» Instructions to follow:
Print the listing below from its opening line through the line holding "unfolding open_branch_def by (metis", both ends included.

Material supplied Start Marker

lemma open_branch_0: "open_branch \<omega> 0 u \<longleftrightarrow> fst (snd (\<omega> u))"
  by (simp add: open_branch_def)

lemma open_branch_Suc:
  "open_branch \<omega> (Suc m) u \<longleftrightarrow>
     (\<exists>c. (fst (snd (\<omega> u)) \<and> c < fst (\<omega> u)) \<and> open_branch \<omega> m (u @ [c]))"
proof
  assume "open_branch \<omega> (Suc m) u"
  then obtain c w where "fst (snd (\<omega> u))" "length w = m" "open_descent \<omega> u (c # w)"
    unfolding open_branch_def by (metis length_Suc_conv)
  then show "\<exists>c. (fst (snd (\<omega> u)) \<and> c < fst (\<omega> u)) \<and> open_branch \<omega> m (u @ [c])"
    by (auto simp: open_branch_def open_descent_Cons)
next
  assume "\<exists>c. (fst (snd (\<omega> u)) \<and> c < fst (\<omega> u)) \<and> open_branch \<omega> m (u @ [c])"
  then obtain c w where "fst (snd (\<omega> u))" "c < fst (\<omega> u)" "fst (snd (\<omega> (u @ [c])))"
    "length w = m" "open_descent \<omega> (u @ [c]) w"
    unfolding open_branch_def by blast
  then show "open_branch \<omega> (Suc m) u"
    unfolding open_branch_def by (intro conjI exI[of _ "c # w"]) (simp_all add: open_descent_Cons)
qed

lemma open_branch_cong:
  assumes "\<And>v. \<omega> (u @ v) = \<omega>' (u @ v)"
  shows "open_branch \<omega> m u = open_branch \<omega>' m u"
  using assms assms[of "[]"] unfolding open_branch_def open_descent_def by simp

lemma diam_ge_imp_open_branch:
  assumes "r < n" and "enat (2 * n) \<le> diam \<omega> (source r)"
  shows "\<exists>i\<le>r. \<exists>c. (open_ascent \<omega> r i \<and> c < fst (\<omega> (replicate (r - i) 0))) \<and> (0 < i \<longrightarrow> c \<noteq> 0)
           \<and> open_branch \<omega> (n - i - 1) (replicate (r - i) 0 @ [c])"
proof -
  let ?x = "source r"
  obtain y z where yz: "y \<in> cluster \<omega> ?x" "z \<in> cluster \<omega> ?x" "2 * n \<le> tree_dist y z"
    using assms(2) unfolding diam_ge_enat_iff by blast
  have "n \<le> tree_dist y ?x \<or> n \<le> tree_dist z ?x"
    using tree_dist_triangle[of y z ?x] yz(3) by linarith
  then obtain y' where y': "y' \<in> cluster \<omega> ?x" "n \<le> tree_dist y' ?x" using yz by blast
  from cluster_source_cases[OF y'(1)] obtain i w where iw: "i \<le> r" "open_ascent \<omega> r i"
    "y' = replicate (r - i) 0 @ w" "open_descent \<omega> (replicate (r - i) 0) w"
    "0 < i \<longrightarrow> w = [] \<or> hd w \<noteq> 0" by blast
  have "tree_dist y' ?x \<le> i + length w"
    unfolding iw(3) source_def by (rule tree_dist_replicate_append_le[OF iw(1)])
  then have long: "n - i \<le> length w" using y'(2) by linarith
  then obtain c w' where w: "w = c # w'" using assms(1) iw(1) by (cases w) auto
  from iw(4)[unfolded w open_descent_Cons] have descent:
    "c < fst (\<omega> (replicate (r - i) 0))" "fst (snd (\<omega> (replicate (r - i) 0 @ [c])))"
    "open_descent \<omega> (replicate (r - i) 0 @ [c]) w'" by auto
  have "open_branch \<omega> (n - i - 1) (replicate (r - i) 0 @ [c])"
    unfolding open_branch_def using descent long w
    by (intro conjI exI[of _ "take (n - i - 1) w'"]) (auto simp: open_descent_take)
  moreover have "0 < i \<longrightarrow> c \<noteq> 0" using iw(5) w by simp
  ultimately show ?thesis using iw(1,2) descent(1) by blast
qed

section \<open>Independent coordinates of a product of probability mass functions\<close>

lemma pred_PiM_component:
  fixes T :: "'b pmf"
  assumes "c \<in> K"
  shows "Measurable.pred (PiM K (\<lambda>_. measure_pmf T)) (\<lambda>\<omega>. R (\<omega> c))"
  unfolding pred_def
  using measurable_sets[OF measurable_component_singleton[OF assms], of "{t. R t}"]
  by (simp add: vimage_def Int_def conj_commute)

lemma pred_const: "Measurable.pred M (\<lambda>_. K)"
  by (cases K) auto

lemma prob_space_PiM_pmf: "prob_space (PiM I (\<lambda>_. measure_pmf T))"
  by (rule prob_space_PiM) (simp add: prob_space_measure_pmf)

lemma prob_PiM_pmf_component:
  "measure (PiM UNIV (\<lambda>_. measure_pmf T)) {\<omega>\<in>space (PiM UNIV (\<lambda>_. measure_pmf T)). R (\<omega> c)}
     = measure_pmf.prob T {t. R t}"
proof -
  interpret product_prob_space "\<lambda>_. measure_pmf T" UNIV by unfold_locales
  have "emeasure (PiM UNIV (\<lambda>_. measure_pmf T))
      {\<omega>\<in>space (PiM UNIV (\<lambda>_. measure_pmf T)). \<omega> c \<in> {t. R t}} = emeasure (measure_pmf T) {t. R t}"
    by (rule emeasure_PiM_Collect_single) auto
  then show ?thesis unfolding measure_def by simp
qed

lemma prob_PiM_pmf_components:
  assumes "finite J"
  shows "measure (PiM UNIV (\<lambda>_. measure_pmf T)) {\<omega>\<in>space (PiM UNIV (\<lambda>_. measure_pmf T)). \<forall>c\<in>J. \<omega> c \<in> X c}
    = (\<Prod>c\<in>J. measure_pmf.prob T (X c))"
proof -
  interpret product_prob_space "\<lambda>_. measure_pmf T" UNIV by unfold_locales
  have "emeasure (PiM UNIV (\<lambda>_. measure_pmf T))
      {\<omega>\<in>space (PiM UNIV (\<lambda>_. measure_pmf T)). \<forall>c\<in>J. \<omega> c \<in> X c}
      = (\<Prod>c\<in>J. emeasure (measure_pmf T) (X c))"
    by (rule emeasure_PiM_Collect) (use assms in auto)
  moreover have "enn2real (\<Prod>c\<in>J. f c) = (\<Prod>c\<in>J. enn2real (f c))" for f :: "'a \<Rightarrow> ennreal"
    using assms by (induction J rule: finite_induct) (auto simp: enn2real_mult)
  ultimately show ?thesis unfolding measure_def by simp
qed
theorem theorem1:
  fixes c k \<beta> :: real and r :: "real \<Rightarrow> real"
  assumes hc: "c > 0" and hk: "k > 0" and h\<beta>: "0 < \<beta>" "\<beta> < 1"
    and hr: "\<And>\<theta>. \<theta> \<in> {0..pi} \<Longrightarrow> r \<theta> > 0"
    and hconst: "\<And>\<theta> \<theta>'. \<theta> \<in> {0..pi} \<Longrightarrow> \<theta>' \<in> {0..pi} \<Longrightarrow>
        round_trip_phase c k (\<beta> * c) r \<theta> = round_trip_phase c k (\<beta> * c) r \<theta>'"
  shows "(\<forall>\<theta>\<in>{0..pi}. r \<theta> = r (pi/2) * sqrt (1 - \<beta>^2) / sqrt (1 - \<beta>^2 * (sin \<theta>)^2))
    \<and> cavity_boundary r = {(x, y, z). x^2 / (r (pi/2) * sqrt (1 - \<beta>^2))^2 + (y^2 + z^2) / (r (pi/2))^2 = 1}
    \<and> r 0 = r (pi/2) / (1 / sqrt (1 - \<beta>^2))
    \<and> r 0 / r (pi/2) = sqrt (1 - \<beta>^2)"
proof -
  have \<beta>_sq: "\<beta>\<^sup>2 < 1"
    using h\<beta> by (simp add: power_less_one_iff)
  have "r (pi/2) > 0"
    using hr by simp
  have radial_law: "r \<theta> * sqrt (1 - \<beta>\<^sup>2 * (sin \<theta>)\<^sup>2) = r (pi/2) * sqrt (1 - \<beta>\<^sup>2)"
    if "\<theta> \<in> {0..pi}" for \<theta>
    using hk by (intro phase_closure_radial_law[OF hc _ \<beta>_sq hr hconst that]) simp
  have polar_form: "\<forall>\<theta>\<in>{0..pi}. r \<theta> = r (pi/2) * sqrt (1 - \<beta>\<^sup>2) / sqrt (1 - \<beta>\<^sup>2 * (sin \<theta>)\<^sup>2)"
  proof
    fix \<theta> :: real assume "\<theta> \<in> {0..pi}"
    have "sqrt (1 - \<beta>\<^sup>2 * (sin \<theta>)\<^sup>2) > 0"
      using one_minus_mult_sin_squared_pos[OF \<beta>_sq] by simp
    then show "r \<theta> = r (pi/2) * sqrt (1 - \<beta>\<^sup>2) / sqrt (1 - \<beta>\<^sup>2 * (sin \<theta>)\<^sup>2)"
      using radial_law[OF \<open>\<theta> \<in> {0..pi}\<close>] by (simp add: eq_divide_eq)
  qed
  have boundary: "cavity_boundary r
      = {(x, y, z). x\<^sup>2 / (r (pi/2) * sqrt (1 - \<beta>\<^sup>2))\<^sup>2 + (y\<^sup>2 + z\<^sup>2) / (r (pi/2))\<^sup>2 = 1}"
  proof (rule cavity_boundary_eq_spheroid)
    fix \<theta> :: real assume \<theta>: "\<theta> \<in> {0..pi}"
    show "0 \<le> r \<theta>"
      using hr[OF \<theta>] by simp
    show "(r \<theta>)\<^sup>2 * ((cos \<theta> / (r (pi/2) * sqrt (1 - \<beta>\<^sup>2)))\<^sup>2 + (sin \<theta> / r (pi/2))\<^sup>2) = 1"
      using \<open>r (pi/2) > 0\<close> \<beta>_sq radial_law[OF \<theta>] by (intro spheroid_polar_eq_of_radial_law) auto
  qed
  have "r 0 = r (pi/2) * sqrt (1 - \<beta>\<^sup>2)"
    using radial_law[of 0] by simp
  then show ?thesis
    using \<open>r (pi/2) > 0\<close> by (intro conjI polar_form boundary) simp_all
qed

end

Material supplied End Marker

» Task response:
lemma open_branch_0: "open_branch \<omega> 0 u \<longleftrightarrow> fst (snd (\<omega> u))"
  by (simp add: open_branch_def)

lemma open_branch_Suc:
  "open_branch \<omega> (Suc m) u \<longleftrightarrow>
     (\<exists>c. (fst (snd (\<omega> u)) \<and> c < fst (\<omega> u)) \<and> open_branch \<omega> m (u @ [c]))"
proof
  assume "open_branch \<omega> (Suc m) u"
  then obtain c w where "fst (snd (\<omega> u))" "length w = m" "open_descent \<omega> u (c # w)"
    unfolding open_branch_def by (metis length_Suc_conv)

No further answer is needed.